Work order: Could you write out each of the records below exactly?

□ □ □ □ □

(* Let $\Gamma>0$ be an ordinal, $\mathcal{M}=(W,R,V)$ a Kripke model, $w_0\in W$, and $\varphi_0$ a sentence of the modal $\mu$-calculus in normal form. Then $\mathcal{M},w_0\vDash^\Gamma\varphi_0$ if and only if $\mathcal{M},w_0\Vdash^\Gamma\varphi_0$, i.e. $\varphi_0$ is true at $w_0$ under $\Gamma$-bounded compositional semantics iff Eloise has a winning strategy in the $\Gamma$-bounded evaluation game $(\mathcal{M},w_0,\varphi_0,\Gamma)$.
   Context: Formulae of the modal $\mu$-calculus over proposition symbols $\Phi$ and label symbols $\Lambda$: $\varphi ::= p \mid \neg p \mid X \mid \varphi\vee\varphi \mid \varphi\wedge\varphi \mid \Diamond\varphi \mid \Box\varphi \mid \mu X\varphi \mid \nu X\varphi$. $\mathrm{Sub}(\varphi)$ is the set of occurrences (nodes of the syntax tree); $\mathrm{Sub}_{\mu\nu}(\varphi)$ those of form $\mu X\psi$ or $\nu X\psi$. A sentence has no free label occurrences. Normal form: each label symbol occurs at most once in a $\mu$- or $\nu$-operator. For an atomic occurrence $X$ in a sentence $\varphi_0$, $\mathrm{rf}(X)$ is the nearest ancestor occurrence of the form $\mu X\psi$ or $\nu X\psi$. $\Gamma$-bounded compositional semantics ($\mathcal{M}=(W,R,V)$, assignment $s:\Lambda\to\mathcal{P}(W)$): $\mathcal{M},w\vDash^\Gamma_s p$ iff $w\in V(p)$; $\neg p$ iff $w\notin V(p)$; $X$ iff $w\in s(X)$; $\vee,\wedge$ as usual; $\Diamond\psi$ iff some $v$ with $wRv$ satisfies $\psi$; $\Box\psi$ iff all $v$ with $wRv$ satisfy $\psi$; $\mathcal{M},w\vDash^\Gamma_s\mu X\psi$ iff $w\in F^\Gamma_\mu$ and $\mathcal{M},w\vDash^\Gamma_s\nu X\psi$ iff $w\in F^\Gamma_\nu$, where $F(A)=\{v\in W\mid\mathcal{M},v\vDash^\Gamma_{s[A/X]}\psi\}$ ($s[A/X]$ agrees with $s$ except $X\mapsto A$), and for $F:\mathcal{P}(W)\to\mathcal{P}(W)$: $F^0_\mu=\emptyset$, $F^{\beta+1}_\mu=F(F^\beta_\mu)$, $F^\lambda_\mu=\bigcup_{\delta<\lambda}F^\delta_\mu$ ($\lambda$ limit); $F^0_\nu=W$, $F^{\beta+1}_\nu=F(F^\beta_\nu)$, $F^\lambda_\nu=\bigcap_{\delta<\lambda}F^\delta_\nu$ ($\lambda$ limit). For a sentence truth does not depend on $s$, written $\mathcal{M},w\vDash^\Gamma\varphi$. The $\Gamma$-bounded evaluation game $(\mathcal{M},w_0,\varphi_0,\Gamma)$: players Eloise and Abelard; positions $(w,\varphi,c)$ with $w\in W$, $\varphi\in\mathrm{Sub}(\varphi_0)$, $c:\mathrm{Sub}_{\mu\nu}(\varphi_0)\to\{\gamma\mid\gamma\le\Gamma\}$; initial position $(w_0,\varphi_0,c_0)$ with $c_0\equiv\Gamma$. Rules: at $(w,p,c)$ Eloise wins iff $w\in V(p)$, else Abelard wins; at $(w,\neg p,c)$ Eloise wins iff $w\notin V(p)$, else Abelard; at $(w,\psi\vee\theta,c)$ Eloise picks $(w,\psi,c)$ or $(w,\theta,c)$; at $(w,\psi\wedge\theta,c)$ Abelard picks; at $(w,\Diamond\psi,c)$ Eloise picks $v$ with $wRv$, next $(v,\psi,c)$, and Abelard wins if there is none; at $(w,\Box\psi,c)$ Abelard picks $v$ with $wRv$, next $(v,\psi,c)$, and Eloise wins if there is none; at $(w,\mu X\psi,c)$ Eloise picks $\gamma<\Gamma$, next $(w,\psi,c[\gamma/\mu X\psi])$; at $(w,\nu X\psi,c)$ Abelard picks $\gamma<\Gamma$, next $(w,\psi,c[\gamma/\nu X\psi])$. At $(w,X,c)$ with $\gamma=c(\mathrm{rf}(X))$: if $\mathrm{rf}(X)=\mu X\psi$, then Abelard wins if $\gamma=0$, otherwise Eloise picks $\gamma'<\gamma$ and play moves to $(w,\psi,c')$ with $c'(\mu X\psi)=\gamma'$, $c'(\theta)=\Gamma$ for all $\theta\in\mathrm{Sub}_{\mu\nu}(\varphi_0)$ occurring inside $\psi$, and $c'(\theta)=c(\theta)$ otherwise; if $\mathrm{rf}(X)=\nu X\psi$, symmetrically Eloise wins if $\gamma=0$, otherwise Abelard picks $\gamma'<\gamma$ with the same clock update. A strategy for Eloise is a partial function on positions giving her choice at each position where she must move; it is winning if she can always follow it and wins every play in which she follows it. $\mathcal{M},w_0\Vdash^\Gamma\varphi_0$ iff Eloise has a winning strategy in $(\mathcal{M},w_0,\varphi_0,\Gamma)$. *)

theory Defs
  imports Main "HOL-Library.Sublist"
begin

□ □ □ □ □

Solution to this problem:
(* Let $\Gamma>0$ be an ordinal, $\mathcal{M}=(W,R,V)$ a Kripke model, $w_0\in W$, and $\varphi_0$ a sentence of the modal $\mu$-calculus in normal form. Then $\mathcal{M},w_0\vDash^\Gamma\varphi_0$ if and only if $\mathcal{M},w_0\Vdash^\Gamma\varphi_0$, i.e. $\varphi_0$ is true at $w_0$ under $\Gamma$-bounded compositional semantics iff Eloise has a winning strategy in the $\Gamma$-bounded evaluation game $(\mathcal{M},w_0,\varphi_0,\Gamma)$.
   Context: Formulae of the modal $\mu$-calculus over proposition symbols $\Phi$ and label symbols $\Lambda$: $\varphi ::= p \mid \neg p \mid X \mid \varphi\vee\varphi \mid \varphi\wedge\varphi \mid \Diamond\varphi \mid \Box\varphi \mid \mu X\varphi \mid \nu X\varphi$. $\mathrm{Sub}(\varphi)$ is the set of occurrences (nodes of the syntax tree); $\mathrm{Sub}_{\mu\nu}(\varphi)$ those of form $\mu X\psi$ or $\nu X\psi$. A sentence has no free label occurrences. Normal form: each label symbol occurs at most once in a $\mu$- or $\nu$-operator. For an atomic occurrence $X$ in a sentence $\varphi_0$, $\mathrm{rf}(X)$ is the nearest ancestor occurrence of the form $\mu X\psi$ or $\nu X\psi$. $\Gamma$-bounded compositional semantics ($\mathcal{M}=(W,R,V)$, assignment $s:\Lambda\to\mathcal{P}(W)$): $\mathcal{M},w\vDash^\Gamma_s p$ iff $w\in V(p)$; $\neg p$ iff $w\notin V(p)$; $X$ iff $w\in s(X)$; $\vee,\wedge$ as usual; $\Diamond\psi$ iff some $v$ with $wRv$ satisfies $\psi$; $\Box\psi$ iff all $v$ with $wRv$ satisfy $\psi$; $\mathcal{M},w\vDash^\Gamma_s\mu X\psi$ iff $w\in F^\Gamma_\mu$ and $\mathcal{M},w\vDash^\Gamma_s\nu X\psi$ iff $w\in F^\Gamma_\nu$, where $F(A)=\{v\in W\mid\mathcal{M},v\vDash^\Gamma_{s[A/X]}\psi\}$ ($s[A/X]$ agrees with $s$ except $X\mapsto A$), and for $F:\mathcal{P}(W)\to\mathcal{P}(W)$: $F^0_\mu=\emptyset$, $F^{\beta+1}_\mu=F(F^\beta_\mu)$, $F^\lambda_\mu=\bigcup_{\delta<\lambda}F^\delta_\mu$ ($\lambda$ limit); $F^0_\nu=W$, $F^{\beta+1}_\nu=F(F^\beta_\nu)$, $F^\lambda_\nu=\bigcap_{\delta<\lambda}F^\delta_\nu$ ($\lambda$ limit). For a sentence truth does not depend on $s$, written $\mathcal{M},w\vDash^\Gamma\varphi$. The $\Gamma$-bounded evaluation game $(\mathcal{M},w_0,\varphi_0,\Gamma)$: players Eloise and Abelard; positions $(w,\varphi,c)$ with $w\in W$, $\varphi\in\mathrm{Sub}(\varphi_0)$, $c:\mathrm{Sub}_{\mu\nu}(\varphi_0)\to\{\gamma\mid\gamma\le\Gamma\}$; initial position $(w_0,\varphi_0,c_0)$ with $c_0\equiv\Gamma$. Rules: at $(w,p,c)$ Eloise wins iff $w\in V(p)$, else Abelard wins; at $(w,\neg p,c)$ Eloise wins iff $w\notin V(p)$, else Abelard; at $(w,\psi\vee\theta,c)$ Eloise picks $(w,\psi,c)$ or $(w,\theta,c)$; at $(w,\psi\wedge\theta,c)$ Abelard picks; at $(w,\Diamond\psi,c)$ Eloise picks $v$ with $wRv$, next $(v,\psi,c)$, and Abelard wins if there is none; at $(w,\Box\psi,c)$ Abelard picks $v$ with $wRv$, next $(v,\psi,c)$, and Eloise wins if there is none; at $(w,\mu X\psi,c)$ Eloise picks $\gamma<\Gamma$, next $(w,\psi,c[\gamma/\mu X\psi])$; at $(w,\nu X\psi,c)$ Abelard picks $\gamma<\Gamma$, next $(w,\psi,c[\gamma/\nu X\psi])$. At $(w,X,c)$ with $\gamma=c(\mathrm{rf}(X))$: if $\mathrm{rf}(X)=\mu X\psi$, then Abelard wins if $\gamma=0$, otherwise Eloise picks $\gamma'<\gamma$ and play moves to $(w,\psi,c')$ with $c'(\mu X\psi)=\gamma'$, $c'(\theta)=\Gamma$ for all $\theta\in\mathrm{Sub}_{\mu\nu}(\varphi_0)$ occurring inside $\psi$, and $c'(\theta)=c(\theta)$ otherwise; if $\mathrm{rf}(X)=\nu X\psi$, symmetrically Eloise wins if $\gamma=0$, otherwise Abelard picks $\gamma'<\gamma$ with the same clock update. A strategy for Eloise is a partial function on positions giving her choice at each position where she must move; it is winning if she can always follow it and wins every play in which she follows it. $\mathcal{M},w_0\Vdash^\Gamma\varphi_0$ iff Eloise has a winning strategy in $(\mathcal{M},w_0,\varphi_0,\Gamma)$. *)

theory Defs
  imports Main "HOL-Library.Sublist"
begin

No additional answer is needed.